» **Exercise materials**

lemma m_bounds:
  assumes k: "- int q + 1 \<le> k" "k \<le> int p - 1"
  shows "0 \<le> m1 A B1 B2 k" "m1 A B1 B2 k \<le> 1" "0 \<le> m2 A B1 B2 k" "m2 A B1 B2 k \<le> 1"
    "m1 A B1 B2 k + m2 A B1 B2 k \<le> 1"
proof -
  let ?N = "real (p + q)"
  have a: "max (1 - real_of_int (int q + k) / real (kk1 A B1 B2)) 0 \<le> 1 - real_of_int (int q + k) / ?N"
     "0 \<le> max (1 - real_of_int (int q + k) / real (kk1 A B1 B2)) 0"
     "max (1 - real_of_int (int q + k) / real (kk1 A B1 B2)) 0 \<le> 1"
    using density_le[of "real_of_int (int q + k)" "real (p + q)" "real (kk1 A B1 B2)"] k kk1_props(1,2) by simp_all
  have b: "max (1 - real_of_int (int p - k) / real (kk2 A B1 B2)) 0 \<le> 1 - real_of_int (int p - k) / ?N"
     "0 \<le> max (1 - real_of_int (int p - k) / real (kk2 A B1 B2)) 0"
     "max (1 - real_of_int (int p - k) / real (kk2 A B1 B2)) 0 \<le> 1"
    using density_le[of "real_of_int (int p - k)" "real (p + q)" "real (kk2 A B1 B2)"] k kk2_props(1,2) by simp_all
  have m1e: "m1 A B1 B2 k = max (1 - real_of_int (int q + k) / real (kk1 A B1 B2)) 0" unfolding m1_def qq_def by simp
  have m2e: "m2 A B1 B2 k = max (1 - real_of_int (int p - k) / real (kk2 A B1 B2)) 0" unfolding m2_def by simp
  show "0 \<le> m1 A B1 B2 k" "m1 A B1 B2 k \<le> 1" "0 \<le> m2 A B1 B2 k" "m2 A B1 B2 k \<le> 1"
    using a b m1e m2e by simp_all
  have N: "?N > 0" using p_pos by simp
  have "real_of_int (int q + k) / ?N + real_of_int (int p - k) / ?N = 1"
    using N by (simp add: add_divide_distrib[symmetric])
  then show "m1 A B1 B2 k + m2 A B1 B2 k \<le> 1" using a(1) b(1) m1e m2e by linarith
qed

lemma m_pos_cover:
  assumes "m1 A B1 B2 k > 0" "m2 A B1 B2 k > 0" "- int q \<le> j" "j \<le> int p"
  shows "vanish A B1 B2 j (lam1 A B1 B2) \<or> vanish A B1 B2 j (lam2 A B1 B2)"
proof -
  have k1: "int q + k < int (kk1 A B1 B2)"
  proof (rule ccontr)
    assume "\<not> ?thesis"
    then have "real_of_int (int q + k) / real (kk1 A B1 B2) \<ge> 1"
      using kk1_props(1) by (simp add: le_divide_eq)
    then show False using assms(1) unfolding m1_def qq_def by simp
  qed
  have k2: "int p - k < int (kk2 A B1 B2)"
  proof (rule ccontr)
    assume "\<not> ?thesis"
    then have "real_of_int (int p - k) / real (kk2 A B1 B2) \<ge> 1"
      using kk2_props(1) by (simp add: le_divide_eq)
    then show False using assms(2) unfolding m2_def by simp
  qed
  show ?thesis
  proof (cases "j \<le> - int q + int (kk1 A B1 B2) - 1")
    case True then show ?thesis using kk1_props(3) assms(3) by blast
  next
    case False then show ?thesis using kk2_props(3) assms(4) k1 k2 by simp
  qed
qed
(* There exist absolute constants $c>0$ and $k_0$ such that for every $k\ge k_0$ and every $f(x,y)\in\mathbb{C}[x,y]$ whose Newton polytope has exactly $k$ vertices, there exists $a\in\mathbb{C}\setminus\{0\}$ such that the real univariate polynomial $\Re(f(x,a))$ has at least $ck$ distinct real roots.
   Context: $\mathrm{Newt}(f)$ is the convex hull of $\{(i,j):a_{i,j}\ne0\}$ for $f=\sum a_{i,j}x^iy^j$. For a univariate complex polynomial $g(x)=\sum_ia_ix^i$, $\Re(g):=\sum_i\Re(a_i)x^i\in\mathbb{R}[x]$. *)

theory Defs
  imports "HOL-Analysis.Analysis" "HOL-Computational_Algebra.Polynomial"
begin

text \<open>A bivariate complex polynomial f = sum a_(i,j) x^i y^j is represented by its
  coefficient function (i,j) \<mapsto> a_(i,j), with finite support.\<close>

definition bsupp :: "(nat \<times> nat \<Rightarrow> complex) \<Rightarrow> (nat \<times> nat) set" where
  "bsupp f = {p. f p \<noteq> 0}"

definition newton_polytope :: "(nat \<times> nat \<Rightarrow> complex) \<Rightarrow> (real \<times> real) set" where
  "newton_polytope f = convex hull ((\<lambda>(i,j). (real i, real j)) ` bsupp f)"

definition newton_vertices :: "(nat \<times> nat \<Rightarrow> complex) \<Rightarrow> (real \<times> real) set" where
  "newton_vertices f = {v. v extreme_point_of newton_polytope f}"

definition specialize_y :: "(nat \<times> nat \<Rightarrow> complex) \<Rightarrow> complex \<Rightarrow> complex poly" where
  "specialize_y f a = (\<Sum>(i,j)\<in>bsupp f. monom (f (i,j) * a ^ j) i)"

definition re_poly :: "complex poly \<Rightarrow> real poly" where
  "re_poly g = map_poly Re g"

end

theory Submission
  imports Defs
begin
(* For every (probabilistically) guarded nondeterministic expression $E$ there is a guarded standard equation system $\mathcal S$, all of whose free variables lie in the set of free variables of $E$, such that $E$ satisfies $\mathcal S$.
   Context: Fix a set $\mathsf{Act}$ of actions containing $\tau$ and a set $\mathsf{Var}$ of variables. Nondeterministic expressions: $E ::= 0 \mid X \mid \alpha.P \mid \mathrm{rec}\,X.E \mid E + E$; probabilistic expressions: $P ::= \partial(E) \mid P \oplus_p P$ ($0<p<1$); $\bigoplus_{k}p_kE_k$ is an iterated $\oplus$ of $\partial(E_k)$ giving $E_k$ probability $p_k$. Subdistributions, Dirac $\delta$, operational semantics: least relations with $\partial(E)\mapsto\delta_E$; $P\oplus_pQ\mapsto p\mu+(1-p)\nu$ if $P\mapsto\mu,Q\mapsto\nu$; $\alpha.P\xrightarrow{\alpha}\mu$ if $P\mapsto\mu$; $\mathrm{rec}\,X.E\xrightarrow{\alpha}\mu$ if $E[\mathrm{rec}\,X.E/X]\xrightarrow{\alpha}\mu$; $E+F\xrightarrow{\alpha}\mu$ and $F+E\xrightarrow{\alpha}\mu$ if $E\xrightarrow{\alpha}\mu$. Probabilistic unguardedness $E\rhd V$ is the least relation with: $X\rhd\{X\}$; $\tau.P\rhd V$ if $P\rhd V$; $\mathrm{rec}\,Y.E\rhd V\setminus\{Y\}$ if $E\rhd V$ and $V\ne\{Y\}$; $E+F\rhd V$ if $E\rhd V$; $E+F\rhd W$ if $F\rhd W$; $\partial(E)\rhd V$ if $E\rhd V$; $P\oplus_pQ\rhd V\cup W$ if $P\rhd V$, $Q\rhd W$. An expression is guarded if for every subterm $\mathrm{rec}\,X.F$, not $F\rhd\{X\}$. Provable equality $=$: least equivalence and congruence on expressions, allowing renaming of bound variables, containing all instances of the axiom schemes N1–N4, P1–P3, T1–T4, C, R1, R3–R6 and closed under R2, namely: $E+F=F+E$; $E+(F+G)=(E+F)+G$; $E+E=E$; $E+0=E$; $P\oplus_pQ=Q\oplus_{1-p}P$; $P\oplus_p(Q\oplus_{q/(1-p)}R)=(P\oplus_{p/(p+q)}Q)\oplus_{p+q}R$; $P\oplus_pP=P$; $\alpha.(\partial(\tau.\partial(E))\oplus_pP)=\alpha.(\partial(E)\oplus_pP)$; $\tau.\bigoplus_ip_i(E_i+F)+F=\tau.\bigoplus_ip_i(E_i+F)$; $\tau.\bigoplus_ip_i(E_i+\alpha.P_i)+\alpha.\bigoplus_ip_iP_i=\tau.\bigoplus_ip_i(E_i+\alpha.P_i)$; $\alpha.\bigoplus_ip_i(E_i+\tau.P_i)+\alpha.\bigoplus_ip_iP_i=\alpha.\bigoplus_ip_i(E_i+\tau.P_i)$; $\alpha.P+\alpha.Q=\alpha.P+\alpha.(P\oplus_pQ)+\alpha.Q$; $\mathrm{rec}\,X.E=E[\mathrm{rec}\,X.E/X]$; (R2) if $F=E[F/X]$ and not $E\rhd\{X\}$ then $F=\mathrm{rec}\,X.E$; $\mathrm{rec}\,X.(\tau.(\partial(X+E)\oplus_pP)+F)=\mathrm{rec}\,X.(\tau.(\partial(X+E)\oplus_pP)+\tau.P+F)$; $\mathrm{rec}\,X.(X+E)=\mathrm{rec}\,X.E$; $\mathrm{rec}\,X.(\tau.\partial(X)+E)=\mathrm{rec}\,X.\tau.\partial(E)$; $\mathrm{rec}\,X.(\tau.\bigoplus_ip_i(X+E_i)+F)=\mathrm{rec}\,X.(\tau.\partial(X)+\sum_iE_i+F)$. An equation system $\mathcal S:\vec X=\vec S$ consists of distinct formal variables $\vec X=(X_1,\dots,X_n)$ and expressions $\vec S=(S_1,\dots,S_n)$; its free variables $\mathrm{Var}(\mathcal S)$ are the non-formal variables occurring in the $S_i$. It is standard if each $S_i$ has the form $\sum_j\alpha_{i,j}.\bigoplus_{k=1}^np_{i,j,k}X_k+\sum_jV_{i,j}$ with $V_{i,j}\in\mathrm{Var}(\mathcal S)$. $\mathcal S$ is satisfied by $E$ if there are expressions $E_1,\dots,E_n$ with $E$ syntactically equal to $E_1$ and $E_i=S_i[\vec E/\vec X]$ provable for all $i$. For a standard $\mathcal S$, define $X_i\xrightarrow{\alpha}_{\mathcal S}\mu$ (with $\mu$ a distribution over $\{X_1,\dots,X_n\}$) iff $S_i\xrightarrow{\alpha}\mu$; combined transitions, derivations and weak transitions $\Rightarrow_{\mathcal S}$, $\xRightarrow{\alpha}_{\mathcal S}$ are defined from this relation: combined transitions are the least relation with $\delta_{X_i}\xrightarrow{\alpha}\mu$ for $X_i\xrightarrow{\alpha}_{\mathcal S}\mu$ closed under sub-convex combinations; a derivation is $(\mu_i^{\to},\mu_i^{\times})_i$ with $\mu_i^{\to}\xrightarrow{\tau}\mu_{i+1}^{\to}+\mu_{i+1}^{\times}$; $\mu\Rightarrow_{\mathcal S}\nu$ iff some derivation has $\mu=\mu_0^\to+\mu_0^\times$ and $\nu=\sum_i\mu_i^\times$; $\xRightarrow{\alpha}_{\mathcal S}$ is $\Rightarrow_{\mathcal S}\xrightarrow{\alpha}\Rightarrow_{\mathcal S}$. A standard $\mathcal S$ is guarded if there is no $i$ with $\delta_{X_i}\xRightarrow{\tau}_{\mathcal S}\delta_{X_i}$. *)

theory Defs
  imports Complex_Main
begin

datatype 'a act = Tau | Act 'a

datatype ('a, 'v) nexp =
    NNil
  | NVar 'v
  | Pre "'a act" "('a, 'v) pexp"
  | Rec 'v "('a, 'v) nexp"
  | NSum "('a, 'v) nexp" "('a, 'v) nexp"
and ('a, 'v) pexp =
    Dirac "('a, 'v) nexp"
  | PCh real "('a, 'v) pexp" "('a, 'v) pexp"

primrec wfN :: "('a, 'v) nexp \<Rightarrow> bool" and wfP :: "('a, 'v) pexp \<Rightarrow> bool" where
  "wfN NNil = True"
| "wfN (NVar x) = True"
| "wfN (Pre a P) = wfP P"
| "wfN (Rec X E) = wfN E"
| "wfN (NSum E F) = (wfN E \<and> wfN F)"
| "wfP (Dirac E) = wfN E"
| "wfP (PCh p P Q) = (0 < p \<and> p < 1 \<and> wfP P \<and> wfP Q)"

primrec fvN :: "('a, 'v) nexp \<Rightarrow> 'v set" and fvP :: "('a, 'v) pexp \<Rightarrow> 'v set" where
  "fvN NNil = {}"
| "fvN (NVar x) = {x}"
| "fvN (Pre a P) = fvP P"
| "fvN (Rec X E) = fvN E - {X}"
| "fvN (NSum E F) = fvN E \<union> fvN F"
| "fvP (Dirac E) = fvN E"
| "fvP (PCh p P Q) = fvP P \<union> fvP Q"

definition fresh_for :: "'v \<Rightarrow> 'v set \<Rightarrow> 'v" where
  "fresh_for X A = (if X \<notin> A then X else (SOME Y. Y \<notin> A))"

primrec substN :: "('v \<Rightarrow> ('a, 'v) nexp) \<Rightarrow> ('a, 'v) nexp \<Rightarrow> ('a, 'v) nexp"
  and substP :: "('v \<Rightarrow> ('a, 'v) nexp) \<Rightarrow> ('a, 'v) pexp \<Rightarrow> ('a, 'v) pexp" where
  "substN \<sigma> NNil = NNil"
| "substN \<sigma> (NVar x) = \<sigma> x"
| "substN \<sigma> (Pre a P) = Pre a (substP \<sigma> P)"
| "substN \<sigma> (Rec X E) =
     (let Y = fresh_for X (\<Union>z\<in>fvN E - {X}. fvN (\<sigma> z))
      in Rec Y (substN (\<sigma>(X := NVar Y)) E))"
| "substN \<sigma> (NSum E F) = NSum (substN \<sigma> E) (substN \<sigma> F)"
| "substP \<sigma> (Dirac E) = Dirac (substN \<sigma> E)"
| "substP \<sigma> (PCh p P Q) = PCh p (substP \<sigma> P) (substP \<sigma> Q)"

definition subst1 :: "('a, 'v) nexp \<Rightarrow> ('a, 'v) nexp \<Rightarrow> 'v \<Rightarrow> ('a, 'v) nexp" where
  "subst1 E F X = substN (NVar(X := F)) E"

text \<open>Iterated probabilistic choice of P_1..P_n with probabilities p_1..p_n
  (right-nested, renormalising the remaining weights).\<close>
fun bigopP :: "real list \<Rightarrow> ('a, 'v) pexp list \<Rightarrow> ('a, 'v) pexp" where
  "bigopP [p] [P] = P"
| "bigopP (p # q # ps) (P # Q # Ps) =
     PCh p P (bigopP (map (\<lambda>r. r / (1 - p)) (q # ps)) (Q # Ps))"
| "bigopP _ _ = Dirac NNil"

definition bigop :: "real list \<Rightarrow> ('a, 'v) nexp list \<Rightarrow> ('a, 'v) pexp" where
  "bigop ps Es = bigopP ps (map Dirac Es)"

definition valid_probs :: "real list \<Rightarrow> bool" where
  "valid_probs ps \<longleftrightarrow> ps \<noteq> [] \<and> (\<forall>p\<in>set ps. 0 < p) \<and> sum_list ps = 1"

fun sumlist :: "('a, 'v) nexp list \<Rightarrow> ('a, 'v) nexp" where
  "sumlist [] = NNil"
| "sumlist [E] = E"
| "sumlist (E # F # Es) = NSum E (sumlist (F # Es))"

definition delta :: "'b \<Rightarrow> 'b \<Rightarrow> real" where
  "delta x = (\<lambda>y. if y = x then 1 else 0)"

inductive pstep :: "('a, 'v) pexp \<Rightarrow> (('a, 'v) nexp \<Rightarrow> real) \<Rightarrow> bool" where
  "pstep (Dirac E) (delta E)"
| "pstep P \<mu> \<Longrightarrow> pstep Q \<nu> \<Longrightarrow> pstep (PCh p P Q) (\<lambda>F. p * \<mu> F + (1 - p) * \<nu> F)"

» **Problem to work on**
Give the lines again, exactly as they stand, from the beginning of the data through the line with "(kk2 A B1 B2) \<ge>".

» **Exercise solution**
lemma m_bounds:
  assumes k: "- int q + 1 \<le> k" "k \<le> int p - 1"
  shows "0 \<le> m1 A B1 B2 k" "m1 A B1 B2 k \<le> 1" "0 \<le> m2 A B1 B2 k" "m2 A B1 B2 k \<le> 1"
    "m1 A B1 B2 k + m2 A B1 B2 k \<le> 1"
proof -
  let ?N = "real (p + q)"
  have a: "max (1 - real_of_int (int q + k) / real (kk1 A B1 B2)) 0 \<le> 1 - real_of_int (int q + k) / ?N"
     "0 \<le> max (1 - real_of_int (int q + k) / real (kk1 A B1 B2)) 0"
     "max (1 - real_of_int (int q + k) / real (kk1 A B1 B2)) 0 \<le> 1"
    using density_le[of "real_of_int (int q + k)" "real (p + q)" "real (kk1 A B1 B2)"] k kk1_props(1,2) by simp_all
  have b: "max (1 - real_of_int (int p - k) / real (kk2 A B1 B2)) 0 \<le> 1 - real_of_int (int p - k) / ?N"
     "0 \<le> max (1 - real_of_int (int p - k) / real (kk2 A B1 B2)) 0"
     "max (1 - real_of_int (int p - k) / real (kk2 A B1 B2)) 0 \<le> 1"
    using density_le[of "real_of_int (int p - k)" "real (p + q)" "real (kk2 A B1 B2)"] k kk2_props(1,2) by simp_all
  have m1e: "m1 A B1 B2 k = max (1 - real_of_int (int q + k) / real (kk1 A B1 B2)) 0" unfolding m1_def qq_def by simp
  have m2e: "m2 A B1 B2 k = max (1 - real_of_int (int p - k) / real (kk2 A B1 B2)) 0" unfolding m2_def by simp
  show "0 \<le> m1 A B1 B2 k" "m1 A B1 B2 k \<le> 1" "0 \<le> m2 A B1 B2 k" "m2 A B1 B2 k \<le> 1"
    using a b m1e m2e by simp_all
  have N: "?N > 0" using p_pos by simp
  have "real_of_int (int q + k) / ?N + real_of_int (int p - k) / ?N = 1"
    using N by (simp add: add_divide_distrib[symmetric])
  then show "m1 A B1 B2 k + m2 A B1 B2 k \<le> 1" using a(1) b(1) m1e m2e by linarith
qed

lemma m_pos_cover:
  assumes "m1 A B1 B2 k > 0" "m2 A B1 B2 k > 0" "- int q \<le> j" "j \<le> int p"
  shows "vanish A B1 B2 j (lam1 A B1 B2) \<or> vanish A B1 B2 j (lam2 A B1 B2)"
proof -
  have k1: "int q + k < int (kk1 A B1 B2)"
  proof (rule ccontr)
    assume "\<not> ?thesis"
    then have "real_of_int (int q + k) / real (kk1 A B1 B2) \<ge> 1"
      using kk1_props(1) by (simp add: le_divide_eq)
    then show False using assms(1) unfolding m1_def qq_def by simp
  qed
  have k2: "int p - k < int (kk2 A B1 B2)"
  proof (rule ccontr)
    assume "\<not> ?thesis"
    then have "real_of_int (int p - k) / real (kk2 A B1 B2) \<ge> 1"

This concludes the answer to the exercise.